--- Provided data ---
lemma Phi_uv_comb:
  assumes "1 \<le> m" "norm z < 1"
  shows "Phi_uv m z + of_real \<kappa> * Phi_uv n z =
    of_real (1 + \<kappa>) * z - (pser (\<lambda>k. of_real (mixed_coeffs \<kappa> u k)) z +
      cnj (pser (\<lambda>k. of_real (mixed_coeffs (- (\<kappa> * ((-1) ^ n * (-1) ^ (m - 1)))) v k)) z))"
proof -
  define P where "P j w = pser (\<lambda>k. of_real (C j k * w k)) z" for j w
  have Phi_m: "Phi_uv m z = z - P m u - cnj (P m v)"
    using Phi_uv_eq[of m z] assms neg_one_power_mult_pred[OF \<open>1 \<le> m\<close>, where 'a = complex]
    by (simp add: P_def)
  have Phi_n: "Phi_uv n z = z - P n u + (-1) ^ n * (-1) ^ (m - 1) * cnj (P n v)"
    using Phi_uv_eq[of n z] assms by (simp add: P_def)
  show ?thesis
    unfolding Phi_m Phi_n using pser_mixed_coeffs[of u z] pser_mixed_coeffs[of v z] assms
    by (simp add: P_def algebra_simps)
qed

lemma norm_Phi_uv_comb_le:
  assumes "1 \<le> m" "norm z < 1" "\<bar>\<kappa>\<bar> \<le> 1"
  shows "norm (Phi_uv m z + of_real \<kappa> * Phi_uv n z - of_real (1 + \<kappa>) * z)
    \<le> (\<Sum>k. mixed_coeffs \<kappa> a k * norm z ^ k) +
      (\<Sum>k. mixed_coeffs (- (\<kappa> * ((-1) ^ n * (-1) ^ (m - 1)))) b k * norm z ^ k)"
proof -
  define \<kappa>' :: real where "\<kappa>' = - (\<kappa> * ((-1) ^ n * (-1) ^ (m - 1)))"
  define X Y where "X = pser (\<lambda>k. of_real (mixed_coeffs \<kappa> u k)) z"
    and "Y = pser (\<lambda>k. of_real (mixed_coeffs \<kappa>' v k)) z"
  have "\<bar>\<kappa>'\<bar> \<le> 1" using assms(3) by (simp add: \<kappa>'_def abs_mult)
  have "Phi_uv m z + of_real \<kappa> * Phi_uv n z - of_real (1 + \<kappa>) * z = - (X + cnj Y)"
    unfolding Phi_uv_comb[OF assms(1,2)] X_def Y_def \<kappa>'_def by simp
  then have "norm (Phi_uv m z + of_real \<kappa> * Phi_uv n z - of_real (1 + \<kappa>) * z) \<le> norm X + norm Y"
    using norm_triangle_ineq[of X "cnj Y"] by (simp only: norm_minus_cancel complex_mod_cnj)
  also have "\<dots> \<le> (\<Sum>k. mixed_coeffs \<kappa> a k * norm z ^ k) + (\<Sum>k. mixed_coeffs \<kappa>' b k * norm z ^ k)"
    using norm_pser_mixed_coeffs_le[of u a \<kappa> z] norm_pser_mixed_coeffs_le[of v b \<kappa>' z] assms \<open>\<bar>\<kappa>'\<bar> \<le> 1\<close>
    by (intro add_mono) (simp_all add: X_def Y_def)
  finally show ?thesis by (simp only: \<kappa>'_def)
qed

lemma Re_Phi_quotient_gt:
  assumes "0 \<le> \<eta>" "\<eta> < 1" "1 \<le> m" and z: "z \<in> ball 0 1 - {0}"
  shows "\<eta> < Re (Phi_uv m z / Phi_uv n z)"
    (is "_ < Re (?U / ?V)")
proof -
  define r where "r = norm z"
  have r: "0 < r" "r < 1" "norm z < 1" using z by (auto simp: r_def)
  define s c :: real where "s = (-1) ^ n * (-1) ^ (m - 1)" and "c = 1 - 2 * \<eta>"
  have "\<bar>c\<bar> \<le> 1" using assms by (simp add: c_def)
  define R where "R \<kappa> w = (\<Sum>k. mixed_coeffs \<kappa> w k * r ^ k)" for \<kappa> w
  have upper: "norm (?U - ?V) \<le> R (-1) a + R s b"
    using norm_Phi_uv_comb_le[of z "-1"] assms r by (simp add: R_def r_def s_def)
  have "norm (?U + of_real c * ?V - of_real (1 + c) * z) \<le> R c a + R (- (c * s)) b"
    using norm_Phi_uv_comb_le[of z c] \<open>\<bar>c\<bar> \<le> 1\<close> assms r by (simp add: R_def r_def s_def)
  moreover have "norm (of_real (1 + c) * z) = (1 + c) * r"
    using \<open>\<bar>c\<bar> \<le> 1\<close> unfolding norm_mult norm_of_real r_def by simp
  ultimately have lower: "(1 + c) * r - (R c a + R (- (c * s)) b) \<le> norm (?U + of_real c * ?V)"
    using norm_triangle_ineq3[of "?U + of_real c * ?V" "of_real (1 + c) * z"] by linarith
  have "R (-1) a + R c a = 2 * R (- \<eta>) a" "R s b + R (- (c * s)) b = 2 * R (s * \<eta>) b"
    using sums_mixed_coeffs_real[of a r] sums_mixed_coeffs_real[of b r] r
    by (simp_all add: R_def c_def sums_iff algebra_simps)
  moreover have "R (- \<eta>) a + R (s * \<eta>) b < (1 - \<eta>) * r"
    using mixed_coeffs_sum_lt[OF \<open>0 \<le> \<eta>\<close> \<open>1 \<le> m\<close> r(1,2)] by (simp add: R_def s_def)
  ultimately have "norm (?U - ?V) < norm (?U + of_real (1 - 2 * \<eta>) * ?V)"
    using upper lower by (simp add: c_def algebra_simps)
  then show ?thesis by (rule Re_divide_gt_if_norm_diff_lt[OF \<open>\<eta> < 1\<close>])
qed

--- Exercise instructions ---
Repeat the material word for word from its opening line up to and including the line containing "define \<kappa>' :: real".

--- Response to the exercise ---
lemma Phi_uv_comb:
  assumes "1 \<le> m" "norm z < 1"
  shows "Phi_uv m z + of_real \<kappa> * Phi_uv n z =
    of_real (1 + \<kappa>) * z - (pser (\<lambda>k. of_real (mixed_coeffs \<kappa> u k)) z +
      cnj (pser (\<lambda>k. of_real (mixed_coeffs (- (\<kappa> * ((-1) ^ n * (-1) ^ (m - 1)))) v k)) z))"
proof -
  define P where "P j w = pser (\<lambda>k. of_real (C j k * w k)) z" for j w
  have Phi_m: "Phi_uv m z = z - P m u - cnj (P m v)"
    using Phi_uv_eq[of m z] assms neg_one_power_mult_pred[OF \<open>1 \<le> m\<close>, where 'a = complex]
    by (simp add: P_def)
  have Phi_n: "Phi_uv n z = z - P n u + (-1) ^ n * (-1) ^ (m - 1) * cnj (P n v)"
    using Phi_uv_eq[of n z] assms by (simp add: P_def)
  show ?thesis
    unfolding Phi_m Phi_n using pser_mixed_coeffs[of u z] pser_mixed_coeffs[of v z] assms
    by (simp add: P_def algebra_simps)
qed

lemma norm_Phi_uv_comb_le:
  assumes "1 \<le> m" "norm z < 1" "\<bar>\<kappa>\<bar> \<le> 1"
  shows "norm (Phi_uv m z + of_real \<kappa> * Phi_uv n z - of_real (1 + \<kappa>) * z)
    \<le> (\<Sum>k. mixed_coeffs \<kappa> a k * norm z ^ k) +
      (\<Sum>k. mixed_coeffs (- (\<kappa> * ((-1) ^ n * (-1) ^ (m - 1)))) b k * norm z ^ k)"
proof -
  define \<kappa>' :: real where "\<kappa>' = - (\<kappa> * ((-1) ^ n * (-1) ^ (m - 1)))"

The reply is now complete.